**Task objective**
Which lines in the data below contain the word "noteq"? Pull each of them out.

*** Exercise material ***

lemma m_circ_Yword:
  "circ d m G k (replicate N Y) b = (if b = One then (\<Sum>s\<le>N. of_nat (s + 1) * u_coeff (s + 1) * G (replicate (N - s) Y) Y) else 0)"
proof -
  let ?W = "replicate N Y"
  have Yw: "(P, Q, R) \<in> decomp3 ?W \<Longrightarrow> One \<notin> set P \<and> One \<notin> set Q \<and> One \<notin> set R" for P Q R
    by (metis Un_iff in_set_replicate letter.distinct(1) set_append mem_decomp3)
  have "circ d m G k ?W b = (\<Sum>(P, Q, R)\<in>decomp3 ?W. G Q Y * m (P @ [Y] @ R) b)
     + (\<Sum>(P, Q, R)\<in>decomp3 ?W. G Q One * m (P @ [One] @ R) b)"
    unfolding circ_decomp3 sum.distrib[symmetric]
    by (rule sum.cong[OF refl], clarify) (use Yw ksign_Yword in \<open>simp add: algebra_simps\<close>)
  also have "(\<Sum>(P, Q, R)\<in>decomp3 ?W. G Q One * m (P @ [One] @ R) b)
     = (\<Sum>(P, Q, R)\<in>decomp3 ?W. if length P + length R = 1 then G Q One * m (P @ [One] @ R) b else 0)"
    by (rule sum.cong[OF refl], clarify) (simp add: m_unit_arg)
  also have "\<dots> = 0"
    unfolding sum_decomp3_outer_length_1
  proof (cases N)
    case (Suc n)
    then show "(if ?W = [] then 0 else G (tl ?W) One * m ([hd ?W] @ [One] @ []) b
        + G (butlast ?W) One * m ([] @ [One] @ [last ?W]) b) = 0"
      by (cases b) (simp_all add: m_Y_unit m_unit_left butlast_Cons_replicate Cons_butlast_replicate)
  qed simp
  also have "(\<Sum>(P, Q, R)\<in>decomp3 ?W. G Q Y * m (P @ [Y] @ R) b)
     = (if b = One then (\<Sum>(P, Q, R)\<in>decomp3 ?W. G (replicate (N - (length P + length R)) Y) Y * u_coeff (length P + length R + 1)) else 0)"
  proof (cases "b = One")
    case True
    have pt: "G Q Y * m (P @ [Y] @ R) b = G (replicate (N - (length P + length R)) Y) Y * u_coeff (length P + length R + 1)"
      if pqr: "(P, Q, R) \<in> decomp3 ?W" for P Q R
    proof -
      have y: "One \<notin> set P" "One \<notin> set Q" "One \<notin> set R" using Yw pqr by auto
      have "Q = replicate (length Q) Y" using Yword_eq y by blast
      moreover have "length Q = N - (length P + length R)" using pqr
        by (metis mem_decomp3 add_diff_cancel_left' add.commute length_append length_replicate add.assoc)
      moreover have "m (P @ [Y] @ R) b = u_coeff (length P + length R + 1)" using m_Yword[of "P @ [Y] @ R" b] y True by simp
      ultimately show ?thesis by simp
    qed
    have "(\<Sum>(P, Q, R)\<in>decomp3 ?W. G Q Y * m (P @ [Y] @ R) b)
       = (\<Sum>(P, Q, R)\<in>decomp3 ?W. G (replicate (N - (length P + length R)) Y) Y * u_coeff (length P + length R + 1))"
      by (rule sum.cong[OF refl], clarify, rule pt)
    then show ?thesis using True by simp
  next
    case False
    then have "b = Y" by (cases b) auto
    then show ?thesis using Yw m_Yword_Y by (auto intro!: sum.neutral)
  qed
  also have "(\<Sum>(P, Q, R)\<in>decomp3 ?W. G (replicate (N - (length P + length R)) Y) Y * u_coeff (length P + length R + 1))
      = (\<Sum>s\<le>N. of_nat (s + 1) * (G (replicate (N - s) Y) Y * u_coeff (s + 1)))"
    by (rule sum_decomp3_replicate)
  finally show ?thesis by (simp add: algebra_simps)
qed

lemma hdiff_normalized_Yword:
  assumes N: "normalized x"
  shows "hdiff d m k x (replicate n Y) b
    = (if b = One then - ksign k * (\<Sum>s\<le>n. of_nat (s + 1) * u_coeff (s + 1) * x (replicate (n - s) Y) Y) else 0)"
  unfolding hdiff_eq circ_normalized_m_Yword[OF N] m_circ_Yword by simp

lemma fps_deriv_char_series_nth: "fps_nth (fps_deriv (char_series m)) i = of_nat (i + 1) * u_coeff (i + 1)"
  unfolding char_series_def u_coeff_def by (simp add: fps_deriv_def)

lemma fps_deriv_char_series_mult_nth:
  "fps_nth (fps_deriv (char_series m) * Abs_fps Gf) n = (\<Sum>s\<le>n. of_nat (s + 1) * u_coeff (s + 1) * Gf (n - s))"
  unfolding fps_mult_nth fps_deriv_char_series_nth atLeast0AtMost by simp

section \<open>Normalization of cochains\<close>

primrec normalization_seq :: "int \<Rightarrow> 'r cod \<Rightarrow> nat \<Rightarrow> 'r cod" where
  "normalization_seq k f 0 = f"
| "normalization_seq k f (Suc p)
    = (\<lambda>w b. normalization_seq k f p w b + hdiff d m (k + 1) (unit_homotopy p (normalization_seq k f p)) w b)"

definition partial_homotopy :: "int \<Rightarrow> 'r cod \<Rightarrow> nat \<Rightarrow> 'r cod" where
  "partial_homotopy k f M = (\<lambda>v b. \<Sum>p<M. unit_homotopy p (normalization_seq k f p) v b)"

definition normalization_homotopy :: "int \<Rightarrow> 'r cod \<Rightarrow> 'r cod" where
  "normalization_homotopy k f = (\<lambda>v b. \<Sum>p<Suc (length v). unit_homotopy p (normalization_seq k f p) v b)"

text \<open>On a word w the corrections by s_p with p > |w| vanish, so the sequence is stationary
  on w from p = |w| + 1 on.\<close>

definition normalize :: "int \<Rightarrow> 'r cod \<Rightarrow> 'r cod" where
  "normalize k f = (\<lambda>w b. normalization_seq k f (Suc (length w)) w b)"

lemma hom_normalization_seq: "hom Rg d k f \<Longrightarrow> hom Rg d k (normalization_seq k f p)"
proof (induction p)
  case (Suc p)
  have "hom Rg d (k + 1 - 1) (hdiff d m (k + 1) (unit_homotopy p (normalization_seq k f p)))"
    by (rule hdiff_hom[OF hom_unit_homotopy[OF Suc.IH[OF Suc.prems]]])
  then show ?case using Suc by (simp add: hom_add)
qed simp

*** End of Exercise material ***
*** Exercise material ***

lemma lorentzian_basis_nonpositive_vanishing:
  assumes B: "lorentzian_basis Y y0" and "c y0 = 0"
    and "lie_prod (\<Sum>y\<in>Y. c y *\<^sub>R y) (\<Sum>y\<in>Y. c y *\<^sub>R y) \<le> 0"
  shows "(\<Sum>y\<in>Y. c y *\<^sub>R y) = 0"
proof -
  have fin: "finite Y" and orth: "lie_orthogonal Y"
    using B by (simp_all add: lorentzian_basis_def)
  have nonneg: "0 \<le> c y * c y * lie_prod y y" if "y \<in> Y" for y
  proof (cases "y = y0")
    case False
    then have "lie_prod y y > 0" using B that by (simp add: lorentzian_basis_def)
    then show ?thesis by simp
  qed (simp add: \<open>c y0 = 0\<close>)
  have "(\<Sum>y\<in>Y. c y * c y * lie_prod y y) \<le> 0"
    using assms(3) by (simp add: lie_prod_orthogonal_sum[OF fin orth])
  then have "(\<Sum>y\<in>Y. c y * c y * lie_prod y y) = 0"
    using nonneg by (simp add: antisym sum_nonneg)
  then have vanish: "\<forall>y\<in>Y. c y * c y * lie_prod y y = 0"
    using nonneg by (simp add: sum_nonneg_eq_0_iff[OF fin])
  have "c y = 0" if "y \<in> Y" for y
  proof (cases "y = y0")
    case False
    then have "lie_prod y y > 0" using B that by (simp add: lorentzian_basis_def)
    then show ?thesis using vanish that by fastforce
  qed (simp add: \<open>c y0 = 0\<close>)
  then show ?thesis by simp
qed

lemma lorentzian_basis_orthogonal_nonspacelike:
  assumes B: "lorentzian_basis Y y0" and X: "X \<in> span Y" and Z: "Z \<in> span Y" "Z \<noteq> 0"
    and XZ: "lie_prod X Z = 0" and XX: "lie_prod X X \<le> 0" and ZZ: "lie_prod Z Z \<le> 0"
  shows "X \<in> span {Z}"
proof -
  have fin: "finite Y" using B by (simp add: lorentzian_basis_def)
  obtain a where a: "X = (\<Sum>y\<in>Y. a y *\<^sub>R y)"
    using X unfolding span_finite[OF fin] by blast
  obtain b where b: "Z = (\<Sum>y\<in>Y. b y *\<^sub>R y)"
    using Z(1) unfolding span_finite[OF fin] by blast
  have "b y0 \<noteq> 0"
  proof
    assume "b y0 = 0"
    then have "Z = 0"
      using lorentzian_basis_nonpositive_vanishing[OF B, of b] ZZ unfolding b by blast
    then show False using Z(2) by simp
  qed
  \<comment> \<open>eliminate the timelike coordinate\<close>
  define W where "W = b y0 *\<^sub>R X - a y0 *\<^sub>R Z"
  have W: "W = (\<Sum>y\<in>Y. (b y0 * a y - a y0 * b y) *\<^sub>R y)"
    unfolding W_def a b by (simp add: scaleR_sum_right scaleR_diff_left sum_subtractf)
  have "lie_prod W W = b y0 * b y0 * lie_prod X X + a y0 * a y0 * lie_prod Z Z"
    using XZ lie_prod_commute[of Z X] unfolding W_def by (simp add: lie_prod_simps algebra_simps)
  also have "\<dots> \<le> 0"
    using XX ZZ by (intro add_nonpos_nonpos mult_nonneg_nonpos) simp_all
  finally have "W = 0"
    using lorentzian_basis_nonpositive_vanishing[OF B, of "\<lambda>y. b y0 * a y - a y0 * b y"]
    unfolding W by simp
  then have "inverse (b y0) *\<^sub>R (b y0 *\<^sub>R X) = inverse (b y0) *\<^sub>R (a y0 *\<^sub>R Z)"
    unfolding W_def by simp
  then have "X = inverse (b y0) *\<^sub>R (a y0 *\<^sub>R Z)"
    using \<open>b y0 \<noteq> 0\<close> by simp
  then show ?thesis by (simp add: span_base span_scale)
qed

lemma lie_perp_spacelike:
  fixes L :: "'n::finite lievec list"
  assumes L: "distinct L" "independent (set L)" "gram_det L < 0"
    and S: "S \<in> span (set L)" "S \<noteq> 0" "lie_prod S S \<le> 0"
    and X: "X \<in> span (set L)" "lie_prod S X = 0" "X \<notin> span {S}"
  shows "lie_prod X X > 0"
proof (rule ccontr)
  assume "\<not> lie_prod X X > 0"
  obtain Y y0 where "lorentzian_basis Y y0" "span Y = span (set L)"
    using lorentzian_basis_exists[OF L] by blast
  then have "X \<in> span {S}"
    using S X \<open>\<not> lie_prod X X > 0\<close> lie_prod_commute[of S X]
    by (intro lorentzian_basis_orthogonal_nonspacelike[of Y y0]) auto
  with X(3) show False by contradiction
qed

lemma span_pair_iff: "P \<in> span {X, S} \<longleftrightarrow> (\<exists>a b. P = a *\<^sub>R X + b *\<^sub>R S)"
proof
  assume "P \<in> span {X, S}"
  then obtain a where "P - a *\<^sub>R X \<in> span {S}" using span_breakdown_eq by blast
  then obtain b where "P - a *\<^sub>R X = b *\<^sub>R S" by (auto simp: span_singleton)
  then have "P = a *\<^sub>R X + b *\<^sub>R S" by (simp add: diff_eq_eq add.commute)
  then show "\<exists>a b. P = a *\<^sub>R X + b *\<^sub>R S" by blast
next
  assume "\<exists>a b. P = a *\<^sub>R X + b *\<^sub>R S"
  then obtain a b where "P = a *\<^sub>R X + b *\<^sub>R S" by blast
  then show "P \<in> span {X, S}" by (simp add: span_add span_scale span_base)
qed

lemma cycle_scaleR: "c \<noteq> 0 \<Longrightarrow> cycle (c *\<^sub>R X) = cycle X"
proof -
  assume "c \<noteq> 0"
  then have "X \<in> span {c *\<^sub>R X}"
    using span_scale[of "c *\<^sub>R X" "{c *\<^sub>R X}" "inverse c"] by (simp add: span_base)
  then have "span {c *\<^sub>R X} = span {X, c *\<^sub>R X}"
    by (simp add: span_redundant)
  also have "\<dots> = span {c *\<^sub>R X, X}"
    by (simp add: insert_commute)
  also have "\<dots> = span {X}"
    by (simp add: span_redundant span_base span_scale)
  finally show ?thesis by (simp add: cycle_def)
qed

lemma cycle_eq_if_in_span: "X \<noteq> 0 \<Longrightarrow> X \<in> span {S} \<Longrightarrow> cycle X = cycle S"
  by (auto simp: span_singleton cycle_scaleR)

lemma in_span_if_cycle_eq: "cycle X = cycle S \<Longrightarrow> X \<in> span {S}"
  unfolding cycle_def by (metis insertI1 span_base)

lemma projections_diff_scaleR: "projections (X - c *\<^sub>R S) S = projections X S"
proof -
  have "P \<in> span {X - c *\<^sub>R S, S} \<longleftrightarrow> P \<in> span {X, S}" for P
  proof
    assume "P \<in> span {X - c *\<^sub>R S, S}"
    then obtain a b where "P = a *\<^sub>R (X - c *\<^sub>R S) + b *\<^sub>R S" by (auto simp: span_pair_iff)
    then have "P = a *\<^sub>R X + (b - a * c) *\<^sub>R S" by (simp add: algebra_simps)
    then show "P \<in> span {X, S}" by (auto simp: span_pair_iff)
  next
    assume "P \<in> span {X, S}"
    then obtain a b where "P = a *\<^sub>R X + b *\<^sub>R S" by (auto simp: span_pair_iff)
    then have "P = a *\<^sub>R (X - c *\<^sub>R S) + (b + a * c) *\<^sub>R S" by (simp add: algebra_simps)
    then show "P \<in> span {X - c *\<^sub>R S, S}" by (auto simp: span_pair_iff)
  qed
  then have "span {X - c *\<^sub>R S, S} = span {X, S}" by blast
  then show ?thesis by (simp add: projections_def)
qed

*** End of Exercise material ***

**Written response**
  assumes B: "lorentzian_basis Y y0" and X: "X \<in> span Y" and Z: "Z \<in> span Y" "Z \<noteq> 0"
  have "b y0 \<noteq> 0"
    using \<open>b y0 \<noteq> 0\<close> by simp
    and S: "S \<in> span (set L)" "S \<noteq> 0" "lie_prod S S \<le> 0"
lemma cycle_scaleR: "c \<noteq> 0 \<Longrightarrow> cycle (c *\<^sub>R X) = cycle X"
  assume "c \<noteq> 0"
lemma cycle_eq_if_in_span: "X \<noteq> 0 \<Longrightarrow> X \<in> span {S} \<Longrightarrow> cycle X = cycle S"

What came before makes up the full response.